Nigeria, Africa’s populous country, is planning to grow its local dairy industry rather than depend on imports from other African and overseas nation.
The country, which is the largest oil producer in Africa, has been working on diversifying its source of revenue from crude, whose price has more than halved over the last one year. Agriculture is one of the sector the Nigerian government is looking to prop-up after year of underinvestment.
Like many other African countries, the West African nation does not produce enough dairy products to meet demand from its 170 million people.
Demand for milk has surged on the continent over the recent years as more people leaving farming in rural areas and head to urban areas in search for better jobs and income levels rise in line with improving economic activity.

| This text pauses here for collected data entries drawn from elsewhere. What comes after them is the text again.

(* Let $m\ge 2$, let $\alpha_1,\dots,\alpha_{m-1}\in\mathbb{C}$, and let $A$ be the $m\times m$ matrix whose rows are indexed by $k=1,\dots,m$ and columns by $l=0,\dots,m-1$, with entries $$A_{k,l}=\sum_{j=0}^{m-1-l}\alpha_k^{\,j+l}F(-m+j)\quad (1\le k\le m-1),\qquad A_{m,l}=\sum_{j=l+1}^{m}(j-l)f(-j).$$ Write $V=\prod_{1\le i<j\le m-1}(\alpha_j-\alpha_i)$ and $e_k=\sum_{1\le j_1<\dots<j_k\le m-1}\alpha_{j_1}\cdots\alpha_{j_k}$ (with $e_0=1$). Then $$\det A=(-1)^{m-1}f(-m)^m\prod_{j=1}^{m-1}(\alpha_j-1)\,V.$$ Moreover, denoting by $M_{m,l+1}$ ($l=0,\dots,m-1$) the minor of $A$ obtained by deleting the last row and the column indexed by $l$, we have $M_{m,1}=f(-m)^{m-1}\,e_{m-1}\,V$ and, for $k=1,\dots,m-1$, $$M_{m,k+1}=f(-m)^{m-1}\,e_{m-1-k}\,V+\sum_{i=1}^{k}(-1)^{k-i}\frac{F(-m+k+1-i)}{f(-m)}M_{m,i}$$ (the latter formulas under the assumption $f(-m)\neq 0$).
   Context: $X$ and $c\theta$ ($c>0$) are independent, non-negative, integer-valued random variables with $\mathbb{P}(c\theta\le m)=1$. For $j\in\mathbb{Z}$: $f(j)=\mathbb{P}(X-c\theta=j)$ and $F(j)=\mathbb{P}(X-c\theta\le j)$ (so $F(-m)=f(-m)$). *)

theory Defs
  imports "Jordan_Normal_Form.Determinant" "HOL-Probability.Probability_Mass_Function"
begin

text \<open>Distribution of X - c*theta, where X ~ p and c*theta ~ q are independent
  (independence is encoded by the product pmf).\<close>
definition diff_pmf :: "nat pmf \<Rightarrow> nat pmf \<Rightarrow> int pmf" where
  "diff_pmf p q = map_pmf (\<lambda>(x, y). int x - int y) (pair_pmf p q)"

definition fdiff :: "nat pmf \<Rightarrow> nat pmf \<Rightarrow> int \<Rightarrow> real" where
  "fdiff p q j = pmf (diff_pmf p q) j"

definition Fdiff :: "nat pmf \<Rightarrow> nat pmf \<Rightarrow> int \<Rightarrow> real" where
  "Fdiff p q j = measure_pmf.prob (diff_pmf p q) {..j}"

definition vprod :: "(nat \<Rightarrow> complex) \<Rightarrow> nat \<Rightarrow> complex" where
  "vprod \<alpha> n = (\<Prod>(i, j) \<in> {(i, j). 1 \<le> i \<and> i < j \<and> j \<le> n}. \<alpha> j - \<alpha> i)"

definition esym :: "(nat \<Rightarrow> complex) \<Rightarrow> nat \<Rightarrow> nat \<Rightarrow> complex" where
  "esym \<alpha> n k = (\<Sum>S \<in> {S. S \<subseteq> {1..n} \<and> card S = k}. \<Prod>i\<in>S. \<alpha> i)"

text \<open>The matrix A: row index i = k - 1 (k = 1..m), column index l = 0..m-1.
  f and F are given as complex-valued functions.\<close>
definition matA :: "nat \<Rightarrow> (nat \<Rightarrow> complex) \<Rightarrow> (int \<Rightarrow> complex) \<Rightarrow> (int \<Rightarrow> complex) \<Rightarrow> complex mat" where
  "matA m \<alpha> f F = Matrix.mat m m (\<lambda>(i, l).
     if i + 1 \<le> m - 1 then (\<Sum>j = 0..m - 1 - l. \<alpha> (i + 1) ^ (j + l) * F (- int m + int j))
     else (\<Sum>j = l + 1..m. of_nat (j - l) * f (- int j)))"

end

theory Submission
  imports Defs
begin

text \<open>Since X - c\<theta> \<ge> -m, F(-m+j) = f(-m) + ... + f(-m+j), and therefore A = W T, where W is the
  Vandermonde matrix of the nodes \<alpha>_1, ..., \<alpha>_(m-1), 1 and T is the lower triangular Toeplitz
  matrix with entries F(-m+s-l); as det T = f(-m)^m, the determinant formula follows from Vandermonde's.
  Replacing the last node 1 by a variable y does not change the minors M_(m,l+1), so expanding
  det (W(y) T) along its last row and comparing the coefficients of y^s with
  f(-m)^m V \<Prod>_j (y - \<alpha>_j) gives the triangular system
  \<Sum>_(l \<le> s) (-1)^(s-l) F(-m+s-l) M_(m,l+1) = f(-m)^m e_(m-1-s) V, which is solved for the minors.\<close>

definition vandermonde_mat :: "nat \<Rightarrow> (nat \<Rightarrow> 'a :: comm_ring_1) \<Rightarrow> 'a mat" where
  "vandermonde_mat n x = Matrix.mat n n (\<lambda>(i, l). x i ^ l)"

definition lower_toeplitz_mat :: "nat \<Rightarrow> (nat \<Rightarrow> 'a :: comm_ring_1) \<Rightarrow> 'a mat" where
  "lower_toeplitz_mat n g = Matrix.mat n n (\<lambda>(s, l). if l \<le> s then g (s - l) else 0)"

lemma vandermonde_mat_carrier [simp]: "vandermonde_mat n x \<in> carrier_mat n n"
  by (simp add: vandermonde_mat_def)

Nigeria has the “Dutch disease” and this was laid bare by the recent fall in oil prices globally, a commodity that contributes over 70 percent of the country’s annual budget, leaving other sector of the economy struggling, Aljazeera reported.

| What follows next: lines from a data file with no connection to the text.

(* For every set of formulas $\Gamma$ and every formula $\alpha$: if $\Gamma\vDash_{\mathcal{M}_1^0}\alpha$ then $\Gamma\vdash_{L_1^0}\alpha$.
   Context: Formulas are built from a countable set of propositional variables using the unary connectives $\neg$ and $\circ$ and the binary connectives $\land,\lor,\to$. Write $\circ^0\alpha=\alpha$, $\circ^{m+1}\alpha=\circ(\circ^m\alpha)$. The Hilbert calculus mbC has as axiom schemas those of a standard axiomatization of positive classical propositional logic in $\land,\lor,\to$, plus (TND) $\alpha\lor\neg\alpha$ and (bc1) $\circ\alpha\to(\alpha\to(\neg\alpha\to\beta))$; its only rule is modus ponens. mbCciw is mbC plus (ciw) $\circ\alpha\lor(\alpha\land\neg\alpha)$. $L_1^0$ is mbCciw plus the schema $\circ\circ\circ\alpha$. $\Gamma\vdash_L\alpha$ means $\alpha$ is derivable from $\Gamma$ in $L$. Semantics: on $\{0,1\}$ use the Boolean operations $\land,\lor,\to,\sim$. Let $\mathbb{B}_1^0=\{x\in\{0,1\}^3: x_1\lor x_2=1,\ x_3\lor\sim(x_1\land x_2)=1\}$. The multialgebra $\mathcal{B}_1^0$ has $x\# y=\{z\in\mathbb{B}_1^0: z_1=x_1\# y_1\}$ for $\#\in\{\land,\lor,\to\}$, $\neg x=\{z\in\mathbb{B}_1^0: z_1=x_2\}$, $\circ x=\{(\sim(x_1\land x_2),x_3,x_3\land\sim(x_1\land x_2))\}$. $D_1^0=\{x: x_1=1\}$, $\mathcal{M}_1^0=(\mathcal{B}_1^0,D_1^0)$. A valuation over $\mathcal{M}_1^0$ is a map $h$ from formulas to $\mathbb{B}_1^0$ with $h(\alpha\#\beta)\in h(\alpha)\# h(\beta)$, $h(\neg\alpha)\in\neg h(\alpha)$, $h(\circ\alpha)\in\circ h(\alpha)$. $\Gamma\vDash_{\mathcal{M}_1^0}\alpha$ iff every valuation $h$ with $h[\Gamma]\subseteq D_1^0$ has $h(\alpha)\in D_1^0$. *)

theory Defs
  imports Main
begin

datatype fm =
    Var nat
  | Neg fm
  | Circ fm
  | And fm fm
  | Or fm fm
  | Imp fm fm

fun circ_pow :: "nat \<Rightarrow> fm \<Rightarrow> fm" where
  "circ_pow 0 a = a"
| "circ_pow (Suc m) a = Circ (circ_pow m a)"

text \<open>Axioms of positive classical propositional logic (the standard axiomatization
  used for mbC by Carnielli--Coniglio), plus TND, bc1, ciw and circ^3.\<close>
inductive L10_axiom :: "fm \<Rightarrow> bool" where
  Ax1: "L10_axiom (Imp a (Imp b a))"
| Ax2: "L10_axiom (Imp (Imp a b) (Imp (Imp a (Imp b c)) (Imp a c)))"
| Ax3: "L10_axiom (Imp a (Imp b (And a b)))"
| Ax4: "L10_axiom (Imp (And a b) a)"
| Ax5: "L10_axiom (Imp (And a b) b)"
| Ax6: "L10_axiom (Imp a (Or a b))"
| Ax7: "L10_axiom (Imp b (Or a b))"
| Ax8: "L10_axiom (Imp (Imp a c) (Imp (Imp b c) (Imp (Or a b) c)))"
| Ax9: "L10_axiom (Or a (Imp a b))"
| TND: "L10_axiom (Or a (Neg a))"
| bc1: "L10_axiom (Imp (Circ a) (Imp a (Imp (Neg a) b)))"
| ciw: "L10_axiom (Or (Circ a) (And a (Neg a)))"
| circ3: "L10_axiom (circ_pow 3 a)"

inductive L10_derivable :: "fm set \<Rightarrow> fm \<Rightarrow> bool" where
  premise: "a \<in> \<Gamma> \<Longrightarrow> L10_derivable \<Gamma> a"
| axiom: "L10_axiom a \<Longrightarrow> L10_derivable \<Gamma> a"
| MP: "L10_derivable \<Gamma> a \<Longrightarrow> L10_derivable \<Gamma> (Imp a b) \<Longrightarrow> L10_derivable \<Gamma> b"

text \<open>Elements of {0,1}^3 are triples (x1, x2, x3) of booleans (True = 1).\<close>
type_synonym tri = "bool \<times> bool \<times> bool"

definition in_B10 :: "tri \<Rightarrow> bool" where
  "in_B10 x \<longleftrightarrow> (case x of (x1, x2, x3) \<Rightarrow> (x1 \<or> x2) \<and> (x3 \<or> \<not> (x1 \<and> x2)))"

definition B10 :: "tri set" where
  "B10 = {x. in_B10 x}"

definition p1 :: "tri \<Rightarrow> bool" where "p1 x = fst x"
definition p2 :: "tri \<Rightarrow> bool" where "p2 x = fst (snd x)"
definition p3 :: "tri \<Rightarrow> bool" where "p3 x = snd (snd x)"

definition mAnd :: "tri \<Rightarrow> tri \<Rightarrow> tri set" where
  "mAnd x y = {z \<in> B10. p1 z = (p1 x \<and> p1 y)}"
definition mOr :: "tri \<Rightarrow> tri \<Rightarrow> tri set" where
  "mOr x y = {z \<in> B10. p1 z = (p1 x \<or> p1 y)}"
definition mImp :: "tri \<Rightarrow> tri \<Rightarrow> tri set" where
  "mImp x y = {z \<in> B10. p1 z = (p1 x \<longrightarrow> p1 y)}"
definition mNeg :: "tri \<Rightarrow> tri set" where
  "mNeg x = {z \<in> B10. p1 z = p2 x}"
definition mCirc :: "tri \<Rightarrow> tri set" where
  "mCirc x = {(\<not> (p1 x \<and> p2 x), p3 x, p3 x \<and> \<not> (p1 x \<and> p2 x))}"

definition D10 :: "tri set" where
  "D10 = {x \<in> B10. p1 x}"

definition valuation_M10 :: "(fm \<Rightarrow> tri) \<Rightarrow> bool" where
  "valuation_M10 h \<longleftrightarrow>
     (\<forall>a. h a \<in> B10) \<and>
     (\<forall>a b. h (And a b) \<in> mAnd (h a) (h b)) \<and>
     (\<forall>a b. h (Or a b) \<in> mOr (h a) (h b)) \<and>
     (\<forall>a b. h (Imp a b) \<in> mImp (h a) (h b)) \<and>
     (\<forall>a. h (Neg a) \<in> mNeg (h a)) \<and>
     (\<forall>a. h (Circ a) \<in> mCirc (h a))"

definition consequence_M10 :: "fm set \<Rightarrow> fm \<Rightarrow> bool" where
  "consequence_M10 \<Gamma> a \<longleftrightarrow>
     (\<forall>h. valuation_M10 h \<longrightarrow> h ` \<Gamma> \<subseteq> D10 \<longrightarrow> h a \<in> D10)"

end

theory Submission
  imports Defs
begin

text \<open>Completeness by the canonical-model method. A non-derivable \<open>\<alpha>\<close> extends, by Zorn's
  lemma, to a set \<open>\<Delta>\<close> maximal among those not deriving \<open>\<alpha>\<close>; such a \<open>\<Delta>\<close> is closed under
  derivability and decides \<open>\<and>, \<or>, \<rightarrow>\<close> classically. The triple
  \<open>(\<beta> \<in> \<Delta>, \<not>\<beta> \<in> \<Delta>, \<not>\<circ>\<beta> \<in> \<Delta>)\<close> is then a valuation over \<open>\<M>\<^sub>1\<^sup>0\<close>: TND, bc1 and ciw give
  the constraints of \<open>\<B>\<^sub>1\<^sup>0\<close> and the first two coordinates of \<open>\<circ>\<close>, and the axiom
  \<open>\<circ>\<circ>\<circ>\<beta>\<close> pins down the third coordinate \<open>\<not>\<circ>\<circ>\<beta> \<in> \<Delta>\<close>. It designates \<open>\<Gamma>\<close> but not \<open>\<alpha>\<close>.\<close>

lemma L10_derivable_mono: "L10_derivable \<Gamma> a \<Longrightarrow> \<Gamma> \<subseteq> \<Delta> \<Longrightarrow> L10_derivable \<Delta> a"
  by (induction rule: L10_derivable.induct) (auto intro: L10_derivable.intros)

lemma L10_derivable_finite_premises:
  "L10_derivable \<Gamma> a \<Longrightarrow> \<exists>\<Gamma>\<^sub>0 \<subseteq> \<Gamma>. finite \<Gamma>\<^sub>0 \<and> L10_derivable \<Gamma>\<^sub>0 a"
proof (induction rule: L10_derivable.induct)
  case (premise a \<Gamma>)
  then show ?case by (intro exI[of _ "{a}"]) (auto intro: L10_derivable.premise)
next
  case (axiom a \<Gamma>)
  then show ?case by (intro exI[of _ "{}"]) (auto intro: L10_derivable.axiom)
next
  case (MP \<Gamma> a b)
  then obtain \<Gamma>\<^sub>1 \<Gamma>\<^sub>2 where "\<Gamma>\<^sub>1 \<subseteq> \<Gamma>" "finite \<Gamma>\<^sub>1" "L10_derivable \<Gamma>\<^sub>1 a"
    and "\<Gamma>\<^sub>2 \<subseteq> \<Gamma>" "finite \<Gamma>\<^sub>2" "L10_derivable \<Gamma>\<^sub>2 (Imp a b)"
    by blast
  then show ?case
    by (intro exI[of _ "\<Gamma>\<^sub>1 \<union> \<Gamma>\<^sub>2"])
      (auto intro: L10_derivable.MP L10_derivable_mono)
qed

lemma L10_derivable_Imp_refl: "L10_derivable \<Gamma> (Imp a a)"
proof -
  have "L10_derivable \<Gamma> (Imp (Imp a (Imp a a)) (Imp (Imp a (Imp (Imp a a) a)) (Imp a a)))"
    and "L10_derivable \<Gamma> (Imp a (Imp a a))"
    and "L10_derivable \<Gamma> (Imp a (Imp (Imp a a) a))"
    by (intro L10_derivable.axiom L10_axiom.intros)+
  then show ?thesis by (meson L10_derivable.MP)
qed

lemma L10_deduction:
  assumes "L10_derivable (insert a \<Gamma>) b"
  shows "L10_derivable \<Gamma> (Imp a b)"
  using assms
proof (induction "insert a \<Gamma>" b rule: L10_derivable.induct)
  case (premise c)
  then consider "c = a" | "c \<in> \<Gamma>" by blast
  then show ?case
  proof cases
    case 1
    then show ?thesis by (simp add: L10_derivable_Imp_refl)
  next
    case 2
    then show ?thesis
      by (meson L10_derivable.MP L10_derivable.premise L10_derivable.axiom L10_axiom.Ax1)
  qed
next
  case (axiom c)
  then show ?case by (meson L10_derivable.MP L10_derivable.axiom L10_axiom.Ax1)
next
  case (MP c d)
  have "L10_derivable \<Gamma> (Imp (Imp a c) (Imp (Imp a (Imp c d)) (Imp a d)))"
    by (intro L10_derivable.axiom L10_axiom.Ax2)
  then show ?case using MP L10_derivable.MP by blast
qed

locale maximal_nonderiving =
  fixes \<Delta> :: "fm set" and \<alpha> :: fm
  assumes not_derivable: "\<not> L10_derivable \<Delta> \<alpha>"
    and derivable_if_extended: "\<And>\<Delta>'. \<Delta> \<subset> \<Delta>' \<Longrightarrow> L10_derivable \<Delta>' \<alpha>"

lemma lindenbaum:
  assumes "\<not> L10_derivable \<Gamma> \<alpha>"
  obtains \<Delta> where "\<Gamma> \<subseteq> \<Delta>" and "maximal_nonderiving \<Delta> \<alpha>"
proof -
  let ?A = "{\<Delta>. \<Gamma> \<subseteq> \<Delta> \<and> \<not> L10_derivable \<Delta> \<alpha>}"
  have "\<exists>M\<in>?A. \<forall>X\<in>?A. M \<subseteq> X \<longrightarrow> X = M"
  proof (rule subset_Zorn_nonempty)
    show "?A \<noteq> {}" using assms by blast
  next
    fix C assume "C \<noteq> {}" and chain: "subset.chain ?A C"
    then obtain X where "X \<in> C" by blast
    then have "\<Gamma> \<subseteq> \<Union>C" using chain by (auto simp: subset_chain_def)
    moreover have "\<not> L10_derivable (\<Union>C) \<alpha>"
    proof
      assume "L10_derivable (\<Union>C) \<alpha>"
      then obtain \<Gamma>\<^sub>0 where "\<Gamma>\<^sub>0 \<subseteq> \<Union>C" "finite \<Gamma>\<^sub>0" "L10_derivable \<Gamma>\<^sub>0 \<alpha>"
        using L10_derivable_finite_premises by blast
      moreover obtain Y where "Y \<in> C" "\<Gamma>\<^sub>0 \<subseteq> Y"
        using finite_subset_Union_chain[OF \<open>finite \<Gamma>\<^sub>0\<close> \<open>\<Gamma>\<^sub>0 \<subseteq> \<Union>C\<close> \<open>C \<noteq> {}\<close> chain] .
      ultimately show False
        using chain L10_derivable_mono by (auto simp: subset_chain_def)
    qed
    ultimately show "\<Union>C \<in> ?A" by blast
  qed
  then obtain \<Delta> where "\<Delta> \<in> ?A" and "\<forall>X\<in>?A. \<Delta> \<subseteq> X \<longrightarrow> X = \<Delta>" by blast
  then have "\<Gamma> \<subseteq> \<Delta>" and "maximal_nonderiving \<Delta> \<alpha>"
    by (auto intro!: maximal_nonderiving.intro)
  then show thesis by (rule that)
qed

context maximal_nonderiving
begin

lemma derivable_Imp_alpha_if_not_mem: "b \<notin> \<Delta> \<Longrightarrow> L10_derivable \<Delta> (Imp b \<alpha>)"
  using derivable_if_extended[of "insert b \<Delta>"] by (auto intro: L10_deduction)

lemma derivable_imp_mem: "L10_derivable \<Delta> b \<Longrightarrow> b \<in> \<Delta>"
  using derivable_Imp_alpha_if_not_mem L10_derivable.MP not_derivable by blast

lemma axiom_mem: "L10_axiom b \<Longrightarrow> b \<in> \<Delta>"
  by (intro derivable_imp_mem L10_derivable.axiom)

lemma MP_mem: "a \<in> \<Delta> \<Longrightarrow> Imp a b \<in> \<Delta> \<Longrightarrow> b \<in> \<Delta>"
  by (meson derivable_imp_mem L10_derivable.MP L10_derivable.premise)

lemma alpha_not_mem: "\<alpha> \<notin> \<Delta>"
  using not_derivable L10_derivable.premise by blast

lemma Or_mem_iff: "Or a b \<in> \<Delta> \<longleftrightarrow> a \<in> \<Delta> \<or> b \<in> \<Delta>"
proof
  assume "Or a b \<in> \<Delta>"
  show "a \<in> \<Delta> \<or> b \<in> \<Delta>"
  proof (rule ccontr)
    assume "\<not> (a \<in> \<Delta> \<or> b \<in> \<Delta>)"
    then have "Imp a \<alpha> \<in> \<Delta>" and "Imp b \<alpha> \<in> \<Delta>"
      by (simp_all add: derivable_Imp_alpha_if_not_mem derivable_imp_mem)
    moreover have "Imp (Imp a \<alpha>) (Imp (Imp b \<alpha>) (Imp (Or a b) \<alpha>)) \<in> \<Delta>"
      by (intro axiom_mem L10_axiom.Ax8)
    ultimately show False
      using \<open>Or a b \<in> \<Delta>\<close> MP_mem alpha_not_mem by blast
  qed
next
  assume "a \<in> \<Delta> \<or> b \<in> \<Delta>"
  then show "Or a b \<in> \<Delta>"
    using MP_mem axiom_mem L10_axiom.Ax6 L10_axiom.Ax7 by blast
qed

lemma And_mem_iff: "And a b \<in> \<Delta> \<longleftrightarrow> a \<in> \<Delta> \<and> b \<in> \<Delta>"
  using MP_mem axiom_mem L10_axiom.Ax3 L10_axiom.Ax4 L10_axiom.Ax5 by meson

lemma Imp_mem_iff: "Imp a b \<in> \<Delta> \<longleftrightarrow> (a \<in> \<Delta> \<longrightarrow> b \<in> \<Delta>)"
  using MP_mem axiom_mem L10_axiom.Ax1 L10_axiom.Ax9 Or_mem_iff by meson

lemma mem_or_Neg_mem: "a \<in> \<Delta> \<or> Neg a \<in> \<Delta>"
  using axiom_mem L10_axiom.TND Or_mem_iff by blast

lemma Circ_mem_iff: "Circ a \<in> \<Delta> \<longleftrightarrow> \<not> (a \<in> \<Delta> \<and> Neg a \<in> \<Delta>)"
proof -
  have "Circ a \<in> \<Delta> \<or> (a \<in> \<Delta> \<and> Neg a \<in> \<Delta>)"
    using axiom_mem[OF L10_axiom.ciw] Or_mem_iff And_mem_iff by blast
  moreover have "Imp (Circ a) (Imp a (Imp (Neg a) \<alpha>)) \<in> \<Delta>"
    by (intro axiom_mem L10_axiom.bc1)
  ultimately show ?thesis using MP_mem alpha_not_mem by blast
qed

lemma Neg_Circ_Circ_mem_iff: "Neg (Circ (Circ a)) \<in> \<Delta> \<longleftrightarrow> Circ a \<in> \<Delta> \<and> Neg (Circ a) \<in> \<Delta>"
proof -
  have "Circ (Circ (Circ a)) \<in> \<Delta>"
    using axiom_mem[OF L10_axiom.circ3[of a]] by (simp add: numeral_3_eq_3)
  then show ?thesis
    using Circ_mem_iff[of "Circ a"] Circ_mem_iff[of "Circ (Circ a)"]
      mem_or_Neg_mem[of "Circ (Circ a)"]
    by blast
qed

definition canonical_val :: "fm \<Rightarrow> tri" where
  "canonical_val b = (b \<in> \<Delta>, Neg b \<in> \<Delta>, Neg (Circ b) \<in> \<Delta>)"

lemma canonical_val_in_B10: "canonical_val b \<in> B10"
  using mem_or_Neg_mem[of b] mem_or_Neg_mem[of "Circ b"] Circ_mem_iff[of b]
  by (auto simp: canonical_val_def B10_def in_B10_def)

lemma canonical_val_D10_iff: "canonical_val b \<in> D10 \<longleftrightarrow> b \<in> \<Delta>"
  using canonical_val_in_B10 by (simp add: D10_def canonical_val_def p1_def)

lemma canonical_val_p1: "p1 (canonical_val b) \<longleftrightarrow> b \<in> \<Delta>"
  by (simp add: canonical_val_def p1_def)

lemma valuation_canonical_val: "valuation_M10 canonical_val"
  unfolding valuation_M10_def
proof (intro conjI allI)
  fix a b
  show "canonical_val a \<in> B10" by (rule canonical_val_in_B10)
  show "canonical_val (And a b) \<in> mAnd (canonical_val a) (canonical_val b)"
    using canonical_val_in_B10 by (simp add: mAnd_def canonical_val_p1 And_mem_iff)
  show "canonical_val (Or a b) \<in> mOr (canonical_val a) (canonical_val b)"
    using canonical_val_in_B10 by (simp add: mOr_def canonical_val_p1 Or_mem_iff)
  show "canonical_val (Imp a b) \<in> mImp (canonical_val a) (canonical_val b)"
    using canonical_val_in_B10 by (simp add: mImp_def canonical_val_p1 Imp_mem_iff)
  show "canonical_val (Neg a) \<in> mNeg (canonical_val a)"
    using canonical_val_in_B10 by (simp add: mNeg_def canonical_val_p1)
      (simp add: canonical_val_def p2_def)
  show "canonical_val (Circ a) \<in> mCirc (canonical_val a)"
    using Circ_mem_iff[of a] Neg_Circ_Circ_mem_iff[of a]
    by (auto simp: mCirc_def canonical_val_def p1_def p2_def p3_def)
qed

end

theorem theorem6:
  fixes \<Gamma> :: "fm set" and \<alpha> :: fm
  assumes "consequence_M10 \<Gamma> \<alpha>"
  shows "L10_derivable \<Gamma> \<alpha>"
proof (rule ccontr)
  assume "\<not> L10_derivable \<Gamma> \<alpha>"
  then obtain \<Delta> where "\<Gamma> \<subseteq> \<Delta>" and "maximal_nonderiving \<Delta> \<alpha>"
    by (rule lindenbaum)
  then interpret maximal_nonderiving \<Delta> \<alpha> by simp
  have "canonical_val ` \<Gamma> \<subseteq> D10"
    using \<open>\<Gamma> \<subseteq> \<Delta>\<close> canonical_val_D10_iff by blast
  then have "canonical_val \<alpha> \<in> D10"
    using assms valuation_canonical_val unfolding consequence_M10_def by blast
  then show False
    using canonical_val_D10_iff alpha_not_mem by blast
qed

end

“We have the capacity to feed not only Nigeria but the entire West Africa. What is lacking is harnessing the milk at the right quality and quantity and delivered it to the processing plant at the right time,” Mohammed Abubakar, CEO L&Z diary firm, told Reuters.
Abukara’s diary company also produces yogurt but has to compete for shelve space in local supermarkets with imported products from other countries including Italy, China, Kenya, European and Asian countries.
“We don’t have any reason to allow importation of yogurt in this country. It is sad and criminal for us to allow this to allow this to happen,” he said.
Despite having more than 10 percent of the world’s cattle population, Africa contributes less than 3 percent to global milk production but spends more than $500 million every year on milk imports from Europe and North America, while thousands of its cattle farmers remain poor.